Research has demonstrated that insufficient sleep causes people to consume more energy and adopt unhealthy eating habits while decreasing their physical activity, which leads to a higher risk of obesity and hypertension (11, 12). Sleep disturbances often result from obesity, leading to nocturnal symptoms such as obstructive sleep apnea and nocturia, which degrade sleep quality and contribute to a self-sustaining pattern of metabolic dysfunction (13, 14). Therefore, the relationship between obesity and sleep deprivation is highly complex and reciprocal, with each condition exacerbating the other through interrelated physiological and behavioral mechanisms. Moreover, individuals who consistently experience inadequate sleep show significant hormonal dysregulation, as evidenced by changes in leptin and ghrelin levels, which can lead to weight gain and vascular dysfunction (15, 16). These biological mechanisms underscore the importance of understanding lifestyle factors in working adults, which not only sustains the workforce but also represents a significant segment of the nation’s adult population.

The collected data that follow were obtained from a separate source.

(* Let $\rho_{ABC},\tau_{AC},\theta_{BC},\omega_C$ be positive definite density operators on the indicated spaces and let $\mathcal{N}=\mathcal{N}_{A\to A'}$, $\mathcal{M}=\mathcal{M}_{B\to B'}$ be quantum channels. Then $$\begin{aligned} \Delta_{\max}(\rho_{ABC};\tau_{AC},\omega_C,\theta_{BC})&\ge\Delta_{\max}(\mathcal{M}(\rho_{ABC});\tau_{AC},\omega_C,\mathcal{M}(\theta_{BC})),\\ \Delta_{\max}(\rho_{ABC};\omega_C,\tau_{AC},\theta_{BC})&\ge\Delta_{\max}(\mathcal{M}(\rho_{ABC});\omega_C,\tau_{AC},\mathcal{M}(\theta_{BC})),\\ \Delta_{\max}(\rho_{ABC};\omega_C,\theta_{BC},\tau_{AC})&\ge\Delta_{\max}(\mathcal{N}(\rho_{ABC});\omega_C,\theta_{BC},\mathcal{N}(\tau_{AC})),\\ \Delta_{\max}(\rho_{ABC};\theta_{BC},\omega_C,\tau_{AC})&\ge\Delta_{\max}(\mathcal{N}(\rho_{ABC});\theta_{BC},\omega_C,\mathcal{N}(\tau_{AC})). \end{aligned}$$
   Context: Finite-dimensional Hilbert spaces; natural log; operators on subsystems tensored with identities; negative powers taken on the support (generalized inverse). Set $e(\tau)=e(\theta)=+1$, $e(\omega)=-1$; for an ordered triple $(X,Y,Z)$ (a permutation of operators of the types $\tau_{AC},\omega_C,\theta_{BC}$) let $K_{-1}(X,Y,Z)=X^{-e_X/2}Y^{-e_Y/2}Z^{-e_Z}Y^{-e_Y/2}X^{-e_X/2}$ and $\Delta_{\max}(\rho;X,Y,Z)\equiv\log\|\rho^{1/2}K_{-1}(X,Y,Z)\rho^{1/2}\|_\infty$; equivalently, when $K_{-1}$ is invertible, $\Delta_{\max}(\rho;X,Y,Z)=\inf\{\lambda:\rho\le e^{\lambda}K_{-1}(X,Y,Z)^{-1}\}$. E.g. $\Delta_{\max}(\rho;\tau,\omega,\theta)=\log\|\rho^{1/2}\tau^{-1/2}\omega^{1/2}\theta^{-1}\omega^{1/2}\tau^{-1/2}\rho^{1/2}\|_\infty=\inf\{\lambda:\rho\le e^\lambda\tau^{1/2}\omega^{-1/2}\theta\omega^{-1/2}\tau^{1/2}\}$. *)

theory Defs
  imports "HOL-Analysis.Analysis"
begin

text \<open>A composite system A B C has
index type 'a \<times> 'b \<times> 'c.\<close>

type_synonym 'n op = "complex^'n^'n"

definition adj :: "('n::finite) op \<Rightarrow> 'n op" where
  "adj U = (\<chi> i j. cnj (U$j$i))"

definition hermitian :: "('n::finite) op \<Rightarrow> bool" where
  "hermitian A \<longleftrightarrow> adj A = A"

definition unitary_op :: "('n::finite) op \<Rightarrow> bool" where
  "unitary_op U \<longleftrightarrow> U ** adj U = mat 1 \<and> adj U ** U = mat 1"

definition diag_op :: "(('n::finite) \<Rightarrow> complex) \<Rightarrow> 'n op" where
  "diag_op d = (\<chi> i j. if i = j then d i else 0)"

definition cinner_vec :: "complex^('n::finite) \<Rightarrow> complex^'n \<Rightarrow> complex" where
  "cinner_vec x y = (\<Sum>i\<in>UNIV. cnj (x$i) * y$i)"

definition posdef :: "('n::finite) op \<Rightarrow> bool" where
  "posdef A \<longleftrightarrow> hermitian A \<and>
     (\<forall>x. x \<noteq> 0 \<longrightarrow> Im (cinner_vec x (A *v x)) = 0 \<and> Re (cinner_vec x (A *v x)) > 0)"

definition mtrace :: "('n::finite) op \<Rightarrow> complex" where
  "mtrace A = (\<Sum>i\<in>UNIV. A$i$i)"

definition density :: "('n::finite) op \<Rightarrow> bool" where
  "density A \<longleftrightarrow> mtrace A = 1"

text \<open>Real power of a Hermitian operator via the spectral decomposition A = U diag(d) U*;
the power acts on the support only (eigenvalues \<le> 0 are mapped to 0), so negative powers
are generalized inverses.  The result does not depend on the chosen decomposition.\<close>

definition mpow :: "('n::finite) op \<Rightarrow> real \<Rightarrow> 'n op" where
  "mpow A s = (SOME B. \<exists>U d. unitary_op U \<and> A = U ** diag_op (\<lambda>i. complex_of_real (d i)) ** adj U
      \<and> B = U ** diag_op (\<lambda>i. complex_of_real (if d i > 0 then d i powr s else 0)) ** adj U)"

definition opnorm :: "('n::finite) op \<Rightarrow> real" where
  "opnorm X = onorm (\<lambda>v. X *v v)"

definition smat :: "complex \<Rightarrow> ('n::finite) op \<Rightarrow> 'n op" where
  "smat c A = (\<chi> i j. c * A$i$j)"

definition munit :: "('n::finite) \<Rightarrow> 'n \<Rightarrow> 'n op" where
  "munit i j = (\<chi> k l. if k = i \<and> l = j then 1 else 0)"

text \<open>Complete positivity: positivity of all block-matrix extensions id_n \<otimes> \<Phi>.
A block matrix (X i j)_{i,j<n} is positive semidefinite iff its quadratic form is \<ge> 0.\<close>
definition psd_block :: "nat \<Rightarrow> (nat \<Rightarrow> nat \<Rightarrow> ('n::finite) op) \<Rightarrow> bool" where
  "psd_block n X \<longleftrightarrow> (\<forall>v :: nat \<Rightarrow> complex^'n.
     Im (\<Sum>i<n. \<Sum>j<n. cinner_vec (v i) (X i j *v v j)) = 0 \<and>
     Re (\<Sum>i<n. \<Sum>j<n. cinner_vec (v i) (X i j *v v j)) \<ge> 0)"

definition quantum_channel :: "(('n::finite) op \<Rightarrow> ('m::finite) op) \<Rightarrow> bool" where
  "quantum_channel \<Phi> \<longleftrightarrow>
     (\<forall>X Y. \<Phi> (X + Y) = \<Phi> X + \<Phi> Y) \<and> (\<forall>c X. \<Phi> (smat c X) = smat c (\<Phi> X)) \<and>
     (\<forall>X. mtrace (\<Phi> X) = mtrace X) \<and>
     (\<forall>n X. psd_block n X \<longrightarrow> psd_block n (\<lambda>i j. \<Phi> (X i j)))"

text \<open>Channel acting on the first tensor factor: \<Phi> \<otimes> id_R.\<close>
definition ext_first :: "(('a::finite) op \<Rightarrow> ('a2::finite) op) \<Rightarrow> ('a \<times> ('r::finite)) op \<Rightarrow> ('a2 \<times> 'r) op" where
  "ext_first \<Phi> X = (\<chi> p q. \<Sum>a\<in>UNIV. \<Sum>a'\<in>UNIV.
      X$(a, snd p)$(a', snd q) * \<Phi> (munit a a')$(fst p)$(fst q))"

text \<open>Channel acting on the middle factor B of A B C: id_A \<otimes> \<Phi> \<otimes> id_C.\<close>
definition ext_mid :: "(('b::finite) op \<Rightarrow> ('b2::finite) op) \<Rightarrow> (('a::finite) \<times> 'b \<times> ('c::finite)) op \<Rightarrow> ('a \<times> 'b2 \<times> 'c) op" where
  "ext_mid \<Phi> X = (\<chi> p q. \<Sum>b\<in>UNIV. \<Sum>b'\<in>UNIV.
      X$(fst p, b, snd (snd p))$(fst q, b', snd (snd q)) * \<Phi> (munit b b')$(fst (snd p))$(fst (snd q)))"

text \<open>Embeddings of operators on subsystems into A B C (tensoring with identities).\<close>
definition embAC :: "(('a::finite) \<times> ('c::finite)) op \<Rightarrow> ('a \<times> ('b::finite) \<times> 'c) op" where
  "embAC T = (\<chi> p q. if fst (snd p) = fst (snd q)
      then T$(fst p, snd (snd p))$(fst q, snd (snd q)) else 0)"

definition embBC :: "(('b::finite) \<times> ('c::finite)) op \<Rightarrow> (('a::finite) \<times> 'b \<times> 'c) op" where
  "embBC T = (\<chi> p q. if fst p = fst q then T$(snd p)$(snd q) else 0)"

definition embC :: "('c::finite) op \<Rightarrow> (('a::finite) \<times> ('b::finite) \<times> 'c) op" where
  "embC T = (\<chi> p q. if fst p = fst q \<and> fst (snd p) = fst (snd q) then T$(snd (snd p))$(snd (snd q)) else 0)"

datatype 'n typed_op = Tau "'n op" | Omega "'n op" | Theta "'n op"

fun top_op :: "'n typed_op \<Rightarrow> 'n op" where
  "top_op (Tau X) = X" | "top_op (Omega X) = X" | "top_op (Theta X) = X"

fun top_e :: "'n typed_op \<Rightarrow> real" where
  "top_e (Tau _) = 1" | "top_e (Omega _) = -1" | "top_e (Theta _) = 1"

definition Kminus1 :: "('n::finite) typed_op \<Rightarrow> 'n typed_op \<Rightarrow> 'n typed_op \<Rightarrow> 'n op" where
  "Kminus1 X Y Z =
     mpow (top_op X) (- top_e X / 2) ** mpow (top_op Y) (- top_e Y / 2) ** mpow (top_op Z) (- top_e Z)
     ** mpow (top_op Y) (- top_e Y / 2) ** mpow (top_op X) (- top_e X / 2)"

definition Delta_max :: "('n::finite) op \<Rightarrow> 'n typed_op \<Rightarrow> 'n typed_op \<Rightarrow> 'n typed_op \<Rightarrow> real" where
  "Delta_max \<rho> X Y Z = ln (opnorm (mpow \<rho> (1/2) ** Kminus1 X Y Z ** mpow \<rho> (1/2)))"

end

theory Submission
  imports Defs
begin

text \<open>Write K = S Z^(-1) S* with S = X^(-e_X/2) Y^(-e_Y/2), so that exp Delta_max is
  c = \<parallel>\<rho>^(1/2) K \<rho>^(1/2)\<parallel>, the least c with \<rho> \<le> c S*^(-1) Z S^(-1) in the Loewner order.
  In each of the four inequalities the channel acts on a factor on which X and Y act trivially,
  so applying it to this Loewner bound gives \<Phi>(\<rho>) \<le> c S*^(-1) \<Phi>(Z) S^(-1). Reading the bound back
  with the generalized inverse \<Phi>(Z)^(-1) gives \<parallel>\<Phi>(\<rho>)^(1/2) K' \<Phi>(\<rho>)^(1/2)\<parallel> \<le> c, and the same bound
  forces the support of \<Phi>(\<rho>) into that of S \<Phi>(Z) S*, so the left-hand norm is positive.\<close>

section \<open>Adjoints, inner product and operator norm\<close>

lemma adj_adj [simp]: "adj (adj A) = A"
  by (simp add: adj_def vec_eq_iff)

lemma adj_mult: "adj (A ** B) = adj B ** adj A"
  by (simp add: adj_def vec_eq_iff matrix_matrix_mult_def mult.commute)

lemma adj_diag_op_real: "adj (diag_op (\<lambda>i. complex_of_real (d i))) = diag_op (\<lambda>i. complex_of_real (d i))"
  by (simp add: adj_def vec_eq_iff diag_op_def)

lemma adj_unitary_conj: "adj (U ** F ** adj U) = U ** adj F ** adj U"
  by (simp add: adj_mult matrix_mul_assoc)

lemma matrix_vector_mult_scaleR_complex: "A *v (t *\<^sub>R y) = t *\<^sub>R (A *v (y::complex^'n::finite))"
  by (rule linear_cmul[OF matrix_vector_mul_linear])

lemma matrix_eq_0I: "(\<And>v. X *v v = (0::complex^'n::finite)) \<Longrightarrow> X = 0"
  by (metis matrix_eq matrix_vector_mult_0)

lemma cinner_vec_adj: "cinner_vec x (A *v y) = cinner_vec (adj A *v x) y"
proof -
  have "cinner_vec x (A *v y) = (\<Sum>i\<in>UNIV. \<Sum>j\<in>UNIV. cnj (x$i) * A$i$j * y$j)"
    unfolding cinner_vec_def matrix_vector_mult_def by (simp add: sum_distrib_left mult_ac)
  also have "\<dots> = (\<Sum>j\<in>UNIV. \<Sum>i\<in>UNIV. cnj (x$i) * A$i$j * y$j)"
    by (rule sum.swap)
  also have "\<dots> = cinner_vec (adj A *v x) y"
    unfolding cinner_vec_def matrix_vector_mult_def adj_def by (simp add: sum_distrib_left mult_ac)
  finally show ?thesis .
qed

lemma cinner_vec_add_right: "cinner_vec x (y + z) = cinner_vec x y + cinner_vec x z"
  by (simp add: cinner_vec_def algebra_simps sum.distrib)

lemma cinner_vec_add_left: "cinner_vec (y + z) x = cinner_vec y x + cinner_vec z x"
  by (simp add: cinner_vec_def algebra_simps sum.distrib)

lemma cinner_vec_diff_right: "cinner_vec x (y - z) = cinner_vec x y - cinner_vec x z"
  by (simp add: cinner_vec_def algebra_simps sum_subtractf)

lemma cinner_vec_scale_right: "cinner_vec x (c *s y) = c * cinner_vec x y"
  by (simp add: cinner_vec_def sum_distrib_left mult_ac)

lemma cinner_vec_scale_left: "cinner_vec (c *s y) x = cnj c * cinner_vec y x"
  by (simp add: cinner_vec_def sum_distrib_left mult_ac)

These unique circumstances in Korean working adults and the pressures of the modern employment environment result in unpredictable sleep cycles (17), meal times (18), and physical inactivity (19), which increase the risk of metabolic syndrome (20). Working adults in South Korea face severe manifestations of these challenges. The distinctive occupational environment that features extended working hours and intense stress in addition to erratic timetables has led to general sleep deprivation (20, 21). According to national data, the prevalence of metabolic syndrome among Korean adults aged 20–59 years is estimated to be approximately 19% in men and 9% in women (22), which is lower than the overall adult prevalence of around 25–28% (23). This discrepancy reflects the relatively younger age of the working population but nonetheless underscores the urgent need for early lifestyle interventions. Early detection and intervention in this age group not only prevents long-term complications but also contributes to workforce sustainability and reduced healthcare burden at the population level.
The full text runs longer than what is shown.